lemma I_s_ordered_eigenbasis:
  assumes "hermitian \<rho>" and "ordered_eigenbasis \<rho> lam psi"
  shows "I_s s \<rho> lam psi X = complex_of_real
    (\<Sum>i\<in>{1::nat, 2}. \<Sum>j\<in>{1::nat, 2}.
       (lam i - mean_s s (lam i) (lam j)) * (cmod (braket (psi j) (X *v psi i)))\<^sup>2)"
proof -
  note pair = ordered_eigenbasis_orthonormal[OF assms(2)]
  note eig = ordered_eigenbasisD(2)[OF assms(2)]
  have diag: "braket (psi i) ((\<rho> ** adj X ** X) *v psi i) = complex_of_real
      (\<Sum>j\<in>{1::nat, 2}. lam i * (cmod (braket (psi j) (X *v psi i)))\<^sup>2)"
    if "i \<in> {1, 2}" for i
  proof -
    have "braket (psi i) ((\<rho> ** adj X ** X) *v psi i) = braket (\<rho> *v psi i) (adj X *v (X *v psi i))"
      using assms(1) unfolding hermitian_def
      by (simp add: matrix_vector_mul_assoc[symmetric] braket_adj_right)
    also have "\<dots> = complex_of_real (lam i) * braket (psi i) (adj X *v (X *v psi i))"
      by (simp add: eig[OF that] braket_scale_left)
    also have "braket (psi i) (adj X *v (X *v psi i)) = braket (X *v psi i) (X *v psi i)"
      by (metis adj_adj braket_adj_right)
    finally show ?thesis
      by (simp add: orthonormal_pair_parseval[OF pair] distrib_left)
  qed
  have "tr (\<rho> ** adj X ** X) = (\<Sum>i\<in>{1::nat, 2}. braket (psi i) ((\<rho> ** adj X ** X) *v psi i))"
    by (simp add: tr_orthonormal_pair[OF pair])
  then show ?thesis
    unfolding I_s_def zeta_s_def
    by (simp add: diag braket_adj_times_braket sum_subtractf left_diff_distrib mult.assoc)
qed

lemma I_s_off_diagonal:
  assumes "s \<le> 0" and "density_matrix \<rho>" and "hermitian X" and "ordered_eigenbasis \<rho> lam psi"
  shows "I_s s \<rho> lam psi X = complex_of_real
    ((lam 1 + lam 2 - 2 * mean_s s (lam 1) (lam 2)) * (cmod (braket (psi 1) (X *v psi 2)))\<^sup>2)"
proof -
  have "lam i \<ge> 0" if "i \<in> {1, 2}" for i
    using density_matrix_eigenvalue_nonneg[OF assms(2) ordered_eigenbasisD[OF assms(4) that]] .
  then have "mean_s s (lam i) (lam i) = lam i" if "i \<in> {1, 2}" for i
    using mean_s_same[OF assms(1)] that by blast
  moreover have "cmod (braket (psi 2) (X *v psi 1)) = cmod (braket (psi 1) (X *v psi 2))"
    using hermitian_braket_swap[OF assms(3), of "psi 2" "psi 1"] by simp
  moreover have "mean_s s (lam 2) (lam 1) = mean_s s (lam 1) (lam 2)"
    by (rule mean_s_commute)
  moreover have "hermitian \<rho>"
    using assms(2) unfolding density_matrix_def by blast
  ultimately show ?thesis
    using assms(4) by (simp add: I_s_ordered_eigenbasis algebra_simps)
qed

lemma commute_on_common_eigenvector:
  fixes A B :: "'a::field ^ 'n ^ 'n"
  assumes "A *v u = a *s u" and "B *v u = b *s u"
  shows "(A ** B) *v u = (B ** A) *v u"
  using assms
  by (simp add: matrix_vector_mul_assoc[symmetric] vector_scalar_commute vector_smult_assoc mult.commute)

* Work task
Collect the lines of the records that include the string "unfolding".

* Solution to the exercise
      using assms(1) unfolding hermitian_def
    unfolding I_s_def zeta_s_def
    using assms(2) unfolding density_matrix_def by blast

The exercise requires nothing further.